Being absent-minded means stepping into the bathroom and hoping you have to unzip your pants.

If you’re really absent-minded then you’re not worrying about whether the zipper is up, but whether there is one at all.  Did I remember to put on pants this morning?

I’m not that bad, but I am incredibly absent-minded.  As I told Alex Trebek during the contestant interview segment of my Jeopardy Tournament of  Champions Semifinal, my kids made a lot of money when they were younger when I would forget where I put my wallet, or my keys, or my glasses.  “I’ll give anybody a dollar who can find my keys,” I’d shout after I got tired of looking.

(Did you see what I did in that paragraph?  At the same time I was being all self-deprecating about being absent-minded, I casually mentioned that I was smart enough not only to get on Jeopardy and win but to make it to the Tournament of Champions . . .  and in the semi-finals no less.  I’ll have to write a post sometime about pride’s persistent pull.)

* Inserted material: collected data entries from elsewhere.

theorem theorem6p3:
  fixes g :: "'v::real_vector \<Rightarrow> 'v \<Rightarrow> real" and br :: "'v \<Rightarrow> 'v \<Rightarrow> 'v"
    and A B C R S T X Y :: 'v and k :: "'v set"
    and b11 b21 c11 c21 c12 c22 s14 s24 t14 t24 t15 t25 :: real
  assumes lie: "lie_bracket br"
    and metric: "semi_riem_metric g"
    and onb: "orthonormal_basis g UNIV [A, B, C, R, S, T, X, Y]"
    and k_def: "k = span {A, B, C, R, S, T}"
    and su2_1: "br A B = 2 *\<^sub>R C" "br C A = 2 *\<^sub>R B" "br B C = 2 *\<^sub>R A"
    and su2_2: "br R S = 2 *\<^sub>R T" "br T R = 2 *\<^sub>R S" "br S T = 2 *\<^sub>R R"
    and prod: "br A R = 0" "br A S = 0" "br A T = 0"
              "br B R = 0" "br B S = 0" "br B T = 0"
              "br C R = 0" "br C S = 0" "br C T = 0"
    and brX1: "br A X = - (b11 *\<^sub>R B) - c11 *\<^sub>R C" "br A Y = - (b21 *\<^sub>R B) - c21 *\<^sub>R C"
              "br B X = b11 *\<^sub>R A - c12 *\<^sub>R C" "br B Y = b21 *\<^sub>R A - c22 *\<^sub>R C"
              "br C X = c11 *\<^sub>R A + c12 *\<^sub>R B" "br C Y = c21 *\<^sub>R A + c22 *\<^sub>R B"
    and brX2: "br R X = - (s14 *\<^sub>R S) - t14 *\<^sub>R T" "br R Y = - (s24 *\<^sub>R S) - t24 *\<^sub>R T"
              "br S X = s14 *\<^sub>R R - t15 *\<^sub>R T" "br S Y = s24 *\<^sub>R R - t25 *\<^sub>R T"
              "br T X = t14 *\<^sub>R R + t15 *\<^sub>R S" "br T Y = t24 *\<^sub>R R + t25 *\<^sub>R S"
    and conf: "conformal_fol g br k"
  shows "semi_riem_fol g br k \<and> minimal_fol g br k \<and>
    (totally_geodesic_fol g br k \<longleftrightarrow>
      ((g B B - g A A) * b11 = 0 \<and> (g B B - g A A) * b21 = 0 \<and>
       (g C C - g A A) * c11 = 0 \<and> (g C C - g A A) * c21 = 0 \<and>
       (g C C - g B B) * c12 = 0 \<and> (g C C - g B B) * c22 = 0 \<and>
       (g S S - g R R) * s14 = 0 \<and> (g S S - g R R) * s24 = 0 \<and>
       (g T T - g R R) * t14 = 0 \<and> (g T T - g R R) * t24 = 0 \<and>
       (g T T - g S S) * t15 = 0 \<and> (g T T - g S S) * t25 = 0))"
proof -
  interpret su2_su2_foliation g br A B C R S T X Y k
    b11 b21 c11 c21 c12 c22 s14 s24 t14 t24 t15 t25
    using lie metric onb k_def brX1 brX2 by unfold_locales
  show ?thesis by (intro conjI semi_riem minimal totally_geodesic_iff)
qed

end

Being absent-minded means that sometimes . . . well, more than sometimes, I make mistakes in church.  The first time I ever assisted in worship, one of my jobs was to announce what hymns we were singing.  I stood up after the sermon and said, “The sermon hymn today is Amazing Grace (or whatever), number 548.”

The organist, on the other side of the church, got up, looked at me, and said, “Dave, I really liked it too the first time we sang it.  But let’s sing something else . . .”   I had re-announced the Opening Hymn we’d already sung.  Not too big a deal, but as it was my first time in any kind of “up front” role, it did cause me not just some embarrassment but a brief reconsideration of whether I was cut out for the pastoring stuff I was just getting into seminary to study.

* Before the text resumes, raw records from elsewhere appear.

(* Let $n\ge 2$ and $\sigma,\tau\in S_n$. Define $\delta(\sigma,\tau)=|\{x\in\{n-1,\sigma^{-1}(n-1),\tau^{-1}(n-1)\}:\sigma(x)\neq\tau(x)\}|$ and $\delta^{\sf CT}(\sigma,\tau)=|\{x\in\{\sigma^{-1}(n-1),\tau^{-1}(n-1)\}:\sigma^{\sf CT}(x)\neq\tau^{\sf CT}(x)\}|$. Then ${\rm hd}(\sigma,\tau)-{\rm hd}(\sigma^{\sf CT},\tau^{\sf CT})=\delta(\sigma,\tau)-\delta^{\sf CT}(\sigma,\tau)$.
   Context: $S_n$ is the symmetric group on $\{0,1,\ldots,n-1\}$; ${\rm hd}(\sigma,\tau)=|\{x:\sigma(x)\neq\tau(x)\}|$. The contraction of $\sigma\in S_n$ is $\sigma^{\sf CT}\in S_{n-1}$ (on $\{0,\ldots,n-2\}$) defined by $\sigma^{\sf CT}(x)=\sigma(n-1)$ if $x=\sigma^{-1}(n-1)$ and $\sigma^{\sf CT}(x)=\sigma(x)$ otherwise (i.e. delete $n-1$ from the cycle notation of $\sigma$). In the definition of $\delta^{\sf CT}$ only those elements of $\{\sigma^{-1}(n-1),\tau^{-1}(n-1)\}$ lying in $\{0,\ldots,n-2\}$ are considered (the symbol $n-1$ is not in the domain of the contractions). *)

theory Defs
  imports "HOL-Combinatorics.Permutations"
begin

(* Permutations of {0,...,n-1} are represented as functions nat => nat with
   sigma permutes {..<n} (identity outside). *)

definition hd_dist :: "nat \<Rightarrow> (nat \<Rightarrow> nat) \<Rightarrow> (nat \<Rightarrow> nat) \<Rightarrow> nat" where
  "hd_dist n \<sigma> \<tau> = card {x \<in> {..<n}. \<sigma> x \<noteq> \<tau> x}"

definition contraction :: "nat \<Rightarrow> (nat \<Rightarrow> nat) \<Rightarrow> (nat \<Rightarrow> nat)" where
  "contraction n \<sigma> = (\<lambda>x. if x < n - 1 then
       (if x = inv \<sigma> (n - 1) then \<sigma> (n - 1) else \<sigma> x) else x)"

definition delta :: "nat \<Rightarrow> (nat \<Rightarrow> nat) \<Rightarrow> (nat \<Rightarrow> nat) \<Rightarrow> nat" where
  "delta n \<sigma> \<tau> = card {x \<in> {n - 1, inv \<sigma> (n - 1), inv \<tau> (n - 1)}. \<sigma> x \<noteq> \<tau> x}"

definition delta_CT :: "nat \<Rightarrow> (nat \<Rightarrow> nat) \<Rightarrow> (nat \<Rightarrow> nat) \<Rightarrow> nat" where
  "delta_CT n \<sigma> \<tau> = card {x \<in> {inv \<sigma> (n - 1), inv \<tau> (n - 1)} \<inter> {..<n - 1}.
      contraction n \<sigma> x \<noteq> contraction n \<tau> x}"

end

theory Submission
  imports Defs
begin

(* The contraction of \<sigma> agrees with \<sigma> everywhere on {0,...,n-2} except at \<sigma>^-1(n-1),
   and the point n-1 drops out of the domain. Hence the disagreement sets of (\<sigma>, \<tau>) and of
   their contractions coincide outside S = {n-1, \<sigma>^-1(n-1), \<tau>^-1(n-1)}, so the difference of
   the Hamming distances equals the difference of the disagreement counts inside S, which are
   exactly \<delta> and \<delta>^CT. *)

lemma int_card_diff_eq_card_Int_diff:
  assumes "finite A" and "finite B" and "A - S = B - S"
  shows "int (card A) - int (card B) = int (card (A \<inter> S)) - int (card (B \<inter> S))"
proof -
  have "card A = card (A \<inter> S) + card (A - S)" and "card B = card (B \<inter> S) + card (B - S)"
    using card_Int_Diff assms(1,2) by blast+
  then show ?thesis
    using assms(3) by simp
qed

lemma permutes_disagreements_Int:
  assumes "\<sigma> permutes A" and "\<tau> permutes A"
  shows "{x \<in> A. \<sigma> x \<noteq> \<tau> x} \<inter> S = {x \<in> S. \<sigma> x \<noteq> \<tau> x}"
  using assms by auto (metis permutes_not_in)

lemma contraction_apply:
  assumes "x < n - 1" and "x \<noteq> inv \<sigma> (n - 1)"
  shows "contraction n \<sigma> x = \<sigma> x"
  using assms by (simp add: contraction_def)

lemma disagreements_contraction_Diff:
  fixes n :: nat and \<sigma> \<tau> :: "nat \<Rightarrow> nat"
  defines "S \<equiv> {n - 1, inv \<sigma> (n - 1), inv \<tau> (n - 1)}"
  shows "{x \<in> {..<n}. \<sigma> x \<noteq> \<tau> x} - S
       = {x \<in> {..<n - 1}. contraction n \<sigma> x \<noteq> contraction n \<tau> x} - S"
proof -
  have same_domain: "x < n \<longleftrightarrow> x < n - 1" if "x \<notin> S" for x
    using that unfolding S_def by auto
  have same_values: "contraction n \<sigma> x = \<sigma> x \<and> contraction n \<tau> x = \<tau> x"
    if "x < n - 1" and "x \<notin> S" for x
    using that unfolding S_def by (simp add: contraction_apply)
  show ?thesis
    using same_domain same_values by fastforce
qed

theorem lemma4p1:
  fixes n :: nat and \<sigma> \<tau> :: "nat \<Rightarrow> nat"
  assumes "n \<ge> 2" and "\<sigma> permutes {..<n}" and "\<tau> permutes {..<n}"
  shows "int (hd_dist n \<sigma> \<tau>) - int (hd_dist (n - 1) (contraction n \<sigma>) (contraction n \<tau>))
         = int (delta n \<sigma> \<tau>) - int (delta_CT n \<sigma> \<tau>)"
proof -
  define S where "S = {n - 1, inv \<sigma> (n - 1), inv \<tau> (n - 1)}"
  define D where "D = {x \<in> {..<n}. \<sigma> x \<noteq> \<tau> x}"
  define D' where "D' = {x \<in> {..<n - 1}. contraction n \<sigma> x \<noteq> contraction n \<tau> x}"
  have "D - S = D' - S"
    unfolding D_def D'_def S_def by (rule disagreements_contraction_Diff)
  then have "int (card D) - int (card D') = int (card (D \<inter> S)) - int (card (D' \<inter> S))"
    by (intro int_card_diff_eq_card_Int_diff) (simp_all add: D_def D'_def)
  moreover have "D \<inter> S = {x \<in> S. \<sigma> x \<noteq> \<tau> x}"
    unfolding D_def using permutes_disagreements_Int assms(2,3) .
  moreover have "D' \<inter> S = {x \<in> {inv \<sigma> (n - 1), inv \<tau> (n - 1)} \<inter> {..<n - 1}.
      contraction n \<sigma> x \<noteq> contraction n \<tau> x}"
    unfolding D'_def S_def by auto
  ultimately show ?thesis
    unfolding hd_dist_def delta_def delta_CT_def D_def D'_def S_def by simp
qed

end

I still make stupid mistakes.  Like last Wednesday evening at Bible Study.  I always start classes by asking for prayer requests.  It seemed like more than half the 30 people there offered something.  That’s great, but not realizing how long a list we’d have, I only wrote down the name of the person we were praying for figuring I’d remember the other stuff.  I should never figure like that . . . sure enough, during the prayers, I fervently prayed, “And we lift up ‘Mary’s’ nephew ‘Charles’ for healing.”

The problem was that “Charles” was “Janet’s” nephew,not “Mary’s.”   Again, not a huge deal but a pastor is supposed to be a good listener, especially about prayer requests.

When I apologized to “Janet” after the class, she said it wasn’t a problem.  Then she added, “I like it when you make mistakes.”

I think that’s a compliment.  I hope so, because she was the second person in the  last couple of weeks who told me one of the things they liked about me as a pastor was that I made mistakes.

Maybe what they mean is that they appreciate a pastor being open about imperfection.  My missteps leading worship are pretty obvious, but I also try to share my less conspicuous struggles and doubts in my sermons and teaching and counselling.  Pretending to be a paragon of perfection would be exhausting.

Maybe not just pastors but Christians in general have  put too much effort into hiding their flaws from the world.  Could it be that we have turned some unChristians off, scared them away, made them feel unworthy, or otherwise weakened our witness by presenting Christianity as some kind of cosmetic surgery for the soul?  Or worse, as only open to elite folks whose souls don’t need cosmetic surgery?

I’ll keep on doing my best as the absent-minded pastor.

Who won on Jeopardy.

And who (almost) always has to unzip his pants when he gets into the bathroom.